What to do
Given the material below, repeat exactly the lines from the one containing "text \<open>Agents are" through the final line, and nothing else.
Data extracts Block Start
(* Let $N\ge2$, $d\ge1$, and let $x(t)=(x_1(t),\dots,x_N(t))$ be a (Carathéodory) solution of $$\dot x_i(t)=\frac{\lambda_i(x)}{N}\sum_{j=1}^N M_{ij}(t)\,\phi_{ij}(x_i,x_j)\,(x_j(t)-x_i(t)),\qquad i=1,\dots,N,$$ where $x_i\in\mathbb{R}^d$, all $M_{ij}:[0,+\infty)\to[0,1]$ are Lebesgue measurable, and $\lambda_i:\mathbb{R}^{Nd}\to\mathbb{R}^+$, $\phi_{ij}:\mathbb{R}^d\times\mathbb{R}^d\to\mathbb{R}^+$ are Lipschitz continuous and strictly positive. Define $\mathrm{supp}(x(t))$ as the closed convex hull of $\{x_1(t),\dots,x_N(t)\}$. Then for $0\le t\le s$ it holds $\mathrm{supp}(x(t))\supseteq\mathrm{supp}(x(s))$. In particular, when $d=1$, the function $t\mapsto\max_j x_j(t)$ is non-increasing and $t\mapsto\min_j x_j(t)$ is non-decreasing; and in any dimension the diameter $t\mapsto\max_{i,j}|x_i(t)-x_j(t)|$ is non-increasing.
   Context: $|\cdot|$ is the Euclidean norm. *)

theory Defs
  imports "HOL-Analysis.Analysis"
begin

text \<open>Agents are indexed by a finite type 'n (N = CARD('n)); positions live in
  real^'d (d = CARD('d)); a configuration is a point of real^'d^'n = R^(Nd).\<close>

definition consensus_field ::
  "('n::finite \<Rightarrow> real^'d^'n \<Rightarrow> real) \<Rightarrow> ('n \<Rightarrow> 'n \<Rightarrow> real \<Rightarrow> real)
   \<Rightarrow> ('n \<Rightarrow> 'n \<Rightarrow> real^'d::finite \<Rightarrow> real^'d \<Rightarrow> real)
   \<Rightarrow> real \<Rightarrow> real^'d^'n \<Rightarrow> real^'d^'n" where
  "consensus_field lam M phi t y =
     (\<chi> i. (lam i y / real CARD('n)) *\<^sub>R
        (\<Sum>j\<in>UNIV. (M i j t * phi i j (y $ i) (y $ j)) *\<^sub>R (y $ j - y $ i)))"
Data extracts Block End
Result below
text \<open>Agents are indexed by a finite type 'n (N = CARD('n)); positions live in
  real^'d (d = CARD('d)); a configuration is a point of real^'d^'n = R^(Nd).\<close>

definition consensus_field ::
  "('n::finite \<Rightarrow> real^'d^'n \<Rightarrow> real) \<Rightarrow> ('n \<Rightarrow> 'n \<Rightarrow> real \<Rightarrow> real)
   \<Rightarrow> ('n \<Rightarrow> 'n \<Rightarrow> real^'d::finite \<Rightarrow> real^'d \<Rightarrow> real)
   \<Rightarrow> real \<Rightarrow> real^'d^'n \<Rightarrow> real^'d^'n" where
  "consensus_field lam M phi t y =
     (\<chi> i. (lam i y / real CARD('n)) *\<^sub>R
        (\<Sum>j\<in>UNIV. (M i j t * phi i j (y $ i) (y $ j)) *\<^sub>R (y $ j - y $ i)))"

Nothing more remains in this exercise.